A research group at Duke University Medical Center led by Ann Marie Pendergast has discovered clues to how the Philadelphia chromosome causes leukemia.
As a cell divides, genetic mixing and matching occurs. Accidents can happen. When bits of chromosomes 9 and 22 are mistakenly snipped off and mistakenly rejoined to one another in a particular order to form the Philadelphia chromosome, the result is that a piece of a gene called BCR is restitched to a large gene called cABL.
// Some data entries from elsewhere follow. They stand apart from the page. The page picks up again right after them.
lemma order_iso_homeo:
  assumes inj: "inj_on g S" and img: "g ` S = S'"
    and ord: "\<And>x y. x \<in> S \<Longrightarrow> y \<in> S \<Longrightarrow> lt' (g x) (g y) \<longleftrightarrow> lt x y"
  shows "homeomorphic_map (order_topology_on S lt) (order_topology_on S' lt') g"
proof -
  define B where "B = insert S ({{x\<in>S. lt x a} | a. a \<in> S} \<union> {{x\<in>S. lt a x} | a. a \<in> S})"
  define B' where "B' = insert S' ({{x\<in>S'. lt' x a} | a. a \<in> S'} \<union> {{x\<in>S'. lt' a x} | a. a \<in> S'})"
  have UB: "\<Union>B = S" unfolding B_def by auto
  have e1: "g ` {x\<in>S. lt x a} = {y\<in>S'. lt' y (g a)}" if aS: "a \<in> S" for a
  proof (intro equalityI subsetI)
    fix y assume "y \<in> g ` {x\<in>S. lt x a}"
    then obtain x where x: "x \<in> S" "lt x a" "y = g x" by auto
    have "lt' (g x) (g a)" using ord[OF x(1) aS] x(2) by simp
    moreover have "g x \<in> S'" using img x(1) by auto
    ultimately show "y \<in> {y\<in>S'. lt' y (g a)}" using x(3) by simp
  next
    fix y assume "y \<in> {y\<in>S'. lt' y (g a)}"
    then have y: "y \<in> S'" "lt' y (g a)" by auto
    then obtain x where x: "x \<in> S" "y = g x" using img by auto
    have "lt x a" using ord[OF x(1) aS] y(2) x(2) by simp
    then show "y \<in> g ` {x\<in>S. lt x a}" using x by auto
  qed
  have e2: "g ` {x\<in>S. lt a x} = {y\<in>S'. lt' (g a) y}" if aS: "a \<in> S" for a
  proof (intro equalityI subsetI)
    fix y assume "y \<in> g ` {x\<in>S. lt a x}"
    then obtain x where x: "x \<in> S" "lt a x" "y = g x" by auto
    have "lt' (g a) (g x)" using ord[OF aS x(1)] x(2) by simp
    moreover have "g x \<in> S'" using img x(1) by auto
    ultimately show "y \<in> {y\<in>S'. lt' (g a) y}" using x(3) by simp
  next
    fix y assume "y \<in> {y\<in>S'. lt' (g a) y}"
    then have y: "y \<in> S'" "lt' (g a) y" by auto
    then obtain x where x: "x \<in> S" "y = g x" using img by auto
    have "lt a x" using ord[OF aS x(1)] y(2) x(2) by simp
    then show "y \<in> g ` {x\<in>S. lt a x}" using x by auto
  qed
  have "(image g) ` B = B'"
  proof (intro equalityI subsetI)
    fix Z assume "Z \<in> (image g) ` B"
    then obtain Z0 where Z0: "Z0 \<in> B" "Z = g ` Z0" by auto
    then consider "Z0 = S" | a where "a \<in> S" "Z0 = {x\<in>S. lt x a}" | a where "a \<in> S" "Z0 = {x\<in>S. lt a x}"
      unfolding B_def by blast
    then show "Z \<in> B'"
    proof cases
      case 1 then show ?thesis using Z0(2) img unfolding B'_def by simp
    next
      case 2
      have "Z = {y\<in>S'. lt' y (g a)}" using Z0(2) 2 e1 by simp
      moreover have "g a \<in> S'" using 2(1) img by auto
      ultimately show ?thesis unfolding B'_def by blast
    next
      case 3
      have "Z = {y\<in>S'. lt' (g a) y}" using Z0(2) 3 e2 by simp
      moreover have "g a \<in> S'" using 3(1) img by auto
      ultimately show ?thesis unfolding B'_def by blast
    qed
  next
    fix Z assume "Z \<in> B'"
    then consider "Z = S'" | b where "b \<in> S'" "Z = {x\<in>S'. lt' x b}" | b where "b \<in> S'" "Z = {x\<in>S'. lt' b x}"
      unfolding B'_def by blast
    then show "Z \<in> (image g) ` B"
    proof cases
      case 1
      have "S \<in> B" unfolding B_def by simp
      moreover have "Z = g ` S" using 1 img by simp
      ultimately show ?thesis by (rule rev_image_eqI)
    next
      case 2
      then obtain a where a: "a \<in> S" "b = g a" using img by auto
      have "{x\<in>S. lt x a} \<in> B" unfolding B_def using a(1) by blast
      moreover have "Z = g ` {x\<in>S. lt x a}" using 2 a e1 by simp
      ultimately show ?thesis by blast
    next
      case 3
      then obtain a where a: "a \<in> S" "b = g a" using img by auto
      have "{x\<in>S. lt a x} \<in> B" unfolding B_def using a(1) by blast
      moreover have "Z = g ` {x\<in>S. lt a x}" using 3 a e2 by simp
      ultimately show ?thesis by blast
    qed
  qed
  then have "homeomorphic_map (topology_generated_by B) (topology_generated_by B') g"
    using homeomorphic_map_topology_generated_by[of g B] inj UB by simp
  then show ?thesis unfolding order_topology_on_def B_def B'_def .
qed

lemma om_countable_le:
  assumes "omega1_type TYPE('w::wellorder)"
  shows "countable {..(w::'w)}"
proof -
  have "countable {..<w}" using assms unfolding omega1_type_def by blast
  moreover have "{..w} = insert w {..<w}" by auto
  ultimately show ?thesis by simp
qed

lemma om_bound:
  assumes om: "omega1_type TYPE('w::wellorder)" and W: "countable (W::'w set)"
  shows "\<exists>m. \<forall>w\<in>W. w < m"
proof -
  define U where "U = (\<Union>w\<in>W. {..w})"
  have "countable U" unfolding U_def using W om_countable_le[OF om] by (intro countable_UN) auto
  moreover have "uncountable (UNIV :: 'w set)" using om unfolding omega1_type_def by blast
  ultimately have "U \<noteq> UNIV" by auto
  then obtain m where m: "m \<notin> U" by auto
  have "\<forall>w\<in>W. w < m"
  proof
    fix w assume "w \<in> W"
    then have "\<not> m \<le> w" using m unfolding U_def by auto
    then show "w < m" by simp
  qed
  then show ?thesis by blast
qed

definition wll :: "'w::wellorder ll \<Rightarrow> 'w" where "wll x = fst (snd (Rep_ll x))"

lemma Rsnd: "snd (Rep_ll x) \<in> long_ray_carrier"
proof -
  obtain b p where e: "Rep_ll x = (b, p)" by (metis surj_pair)
  have "(b, p) \<in> long_line_carrier" using Rep_ll_carrier[of x] e by simp
  then show ?thesis using e by (simp add: long_line_carrier_def)
qed

lemma Rep_Abs_T: "(r::real) \<in> {0..<1} \<Longrightarrow> Rep_ll (Abs_ll (True, w, r)) = (True, w, r)"
  by (rule Abs_ll_inverse) (simp add: carrier_iff)

lemma ll_above:
  fixes t :: "'w::wellorder ll"
  assumes "wll t < m" shows "t < Abs_ll (True, m, 0)"
proof -
  have R: "Rep_ll (Abs_ll (True, m, 0)) = (True, m, 0)" by (rule Rep_Abs_T) simp
  obtain b v r where e: "Rep_ll t = (b, v, r)" by (metis prod_cases3)
  have "v < m" using assms e unfolding wll_def by simp
  then show ?thesis unfolding less_ll_def R e by (cases b) (simp_all add: lll_iff lex_less_def)
qed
Now, this little stitched together gene piece of BCR/ABL contains the blueprints for proteins. It is especially evil because the BCR part contains sequences which permanently activate a part of the ABL component: tyrosine kinase. And, even worse, the ABL segment permanently activates the BCR portion. The proteins get produced and the cell-division machinery is turned on, sending the cell dividing out of control: cancer.
The researchers are studying exactly how the BCR portion takes over the controls of a leukemia cell. Earlier, they found that it triggers oncogenes -- cancer genes -- by affecting a protein called GRB-2. This protein then switches on other enzymes that cause the cell to divide out of control.
But they suspected that the BCR affected other pathways as well. Cells employ multiple pathways to control cell growth, otherwise if something goes wrong, the cell would die. The same is true for an oncogene: it must have many pathways to make cells proliferate.
Now, Pendergast's group has found one more pathway by which BCR works: it interacts with a key cell protein called 14-3-3. Although first isolated decades ago, the role of 14-3-3 in the cell is still uncertain, although biologists now believe that proteins of this type are important links in the process of telling the cell to divide.
The researchers hope that this knowledge will help find ways to stop the leukemia process at the very beginning.